The lockdown continues in Sydney and lockdowns are rolling into other places, with the ACT being the latest region to be affected.
Plenty of businesses, large and small, are experiencing significant impacts. But they may also be ideas as reopening options once the country gets through this difficult time.
He pointed out some high-quality, large ASX shares that look good value and could benefit as borders reopen.
Mr Featherstone revealed these three ideas as ones to consider:
Qantas Airways Limited (ASX: QAN)
He noted that Qantas is suffering from the domestic borders closing as well as international borders remaining shut.
Qantas could be interesting if domestic borders are completely open by the end of FY22 and international borders start to open.
He thinks demand for Qantas air tickets will go back to full capacity once the public are confident to book travel.
The ASX share could also emerge from this period with a lower cost base, however, Mr Featherstone acknowledged that Qantas isn’t a screaming buy.
Star Entertainment Group Ltd (ASX: SGR)
The casino operator was another stock idea. With The Star in Sydney in lockdown, the business is being heavily impacted. Since the start of June 2021 the Star share price has fallen 17%.

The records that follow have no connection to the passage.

lemma dd_least_choice:
  assumes "circuit E ind C" "j \<in> C"
  shows "dd E ind B j \<in> choices j \<and> (\<forall>l\<in>choices j. dd E ind B j \<le> l)"
proof (cases "j \<in> B")
  case True
  obtain i where "i \<in> choices j" "i < j" using circuit_meets_coc_below[OF assms True] by blast
  have "finite (K j)" using finite_subset[OF coc_subset_ground[OF True]] by blast
  have choices: "choices j = K j - {j}" and dd: "dd E ind B j = Min (K j)"
    using True unfolding choices_def dd_def by simp_all
  have "Min (K j) \<le> i" using Min_le[OF \<open>finite (K j)\<close>] \<open>i \<in> choices j\<close> choices by blast
  moreover have "Min (K j) \<in> K j" using Min_in[OF \<open>finite (K j)\<close>] \<open>i \<in> choices j\<close> choices by blast
  moreover have "Min (K j) \<le> l" if "l \<in> choices j" for l
    using Min_le[OF \<open>finite (K j)\<close>] that choices by blast
  ultimately show ?thesis using \<open>i < j\<close> unfolding choices dd by auto
qed (auto simp: dd_def choices_def)

lemma lookup_pC_other_circuit:
  assumes C: "circuit E ind C" and not_fundamental: "\<not> (\<exists>i\<in>{1..n - r}. C = ci E ind B i)"
  shows "Poly_Mapping.lookup (pC n r ind a C) (mC n r ind C) \<in> {1, -1}"
proof -
  have mC: "mC n r ind C = (\<Sum>j\<in>cbar C. Poly_Mapping.single (dd E ind B j) 1)"
    unfolding mC_def Let_def by (simp only: if_not_P[OF not_fundamental])
  have least: "dd E ind B j \<in> choices j \<and> (\<forall>l\<in>choices j. dd E ind B j \<le> l)" if "j \<in> cbar C" for j
    using dd_least_choice[OF C] that unfolding cbar_def by blast
  have "finite (cbar C)" using finite_circuit[OF C] unfolding cbar_def by blast
  show ?thesis unfolding mC
  proof (rule lookup_pC_unique_choice[OF C])
    fix j assume "j \<in> cbar C"
    with least show "dd E ind B j \<in> choices j" by blast
  next
    fix f assume f: "\<forall>j\<in>cbar C. f j \<in> choices j"
      and eq: "(\<Sum>j\<in>cbar C. Poly_Mapping.single (f j) (1::nat))
        = (\<Sum>j\<in>cbar C. Poly_Mapping.single (dd E ind B j) 1)"
    have "\<forall>j\<in>cbar C. dd E ind B j \<le> f j" using f least by blast
    from sum_single_one_eq_imp_eq_if_le[OF \<open>finite (cbar C)\<close> this eq]
    show "\<forall>j\<in>cbar C. f j = dd E ind B j" .
  qed
qed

Mr Featherstone acknowledged the potential threat from a second Sydney casino.
However, the fact that overseas casinos are doing better than expected after the end of restrictions could be a good sign for later in the year.
In his opinion, Mr Featherstone believes that The Star is well positioned for the rebound because its main asset is locked down in Sydney. Over the longer-term, the development in Brisbane could also be a good addition.
Flight Centre Travel Group Ltd (ASX: FLT)
Flight Centre is the third ASX share that was picked as a reopening idea.
It was noted that Flight Centre is facing more than one difficulty. There’s the COVID-19 impacts on travel bookings, but there is also the long-term change of bookings from bricks and mortar places to online booking.
The detractors of Flight Centre, Mr Featherstone points out, say that travel agent commissions are under pressure as people go directly suppliers (like Qantas), and the business also has large rent and wage costs.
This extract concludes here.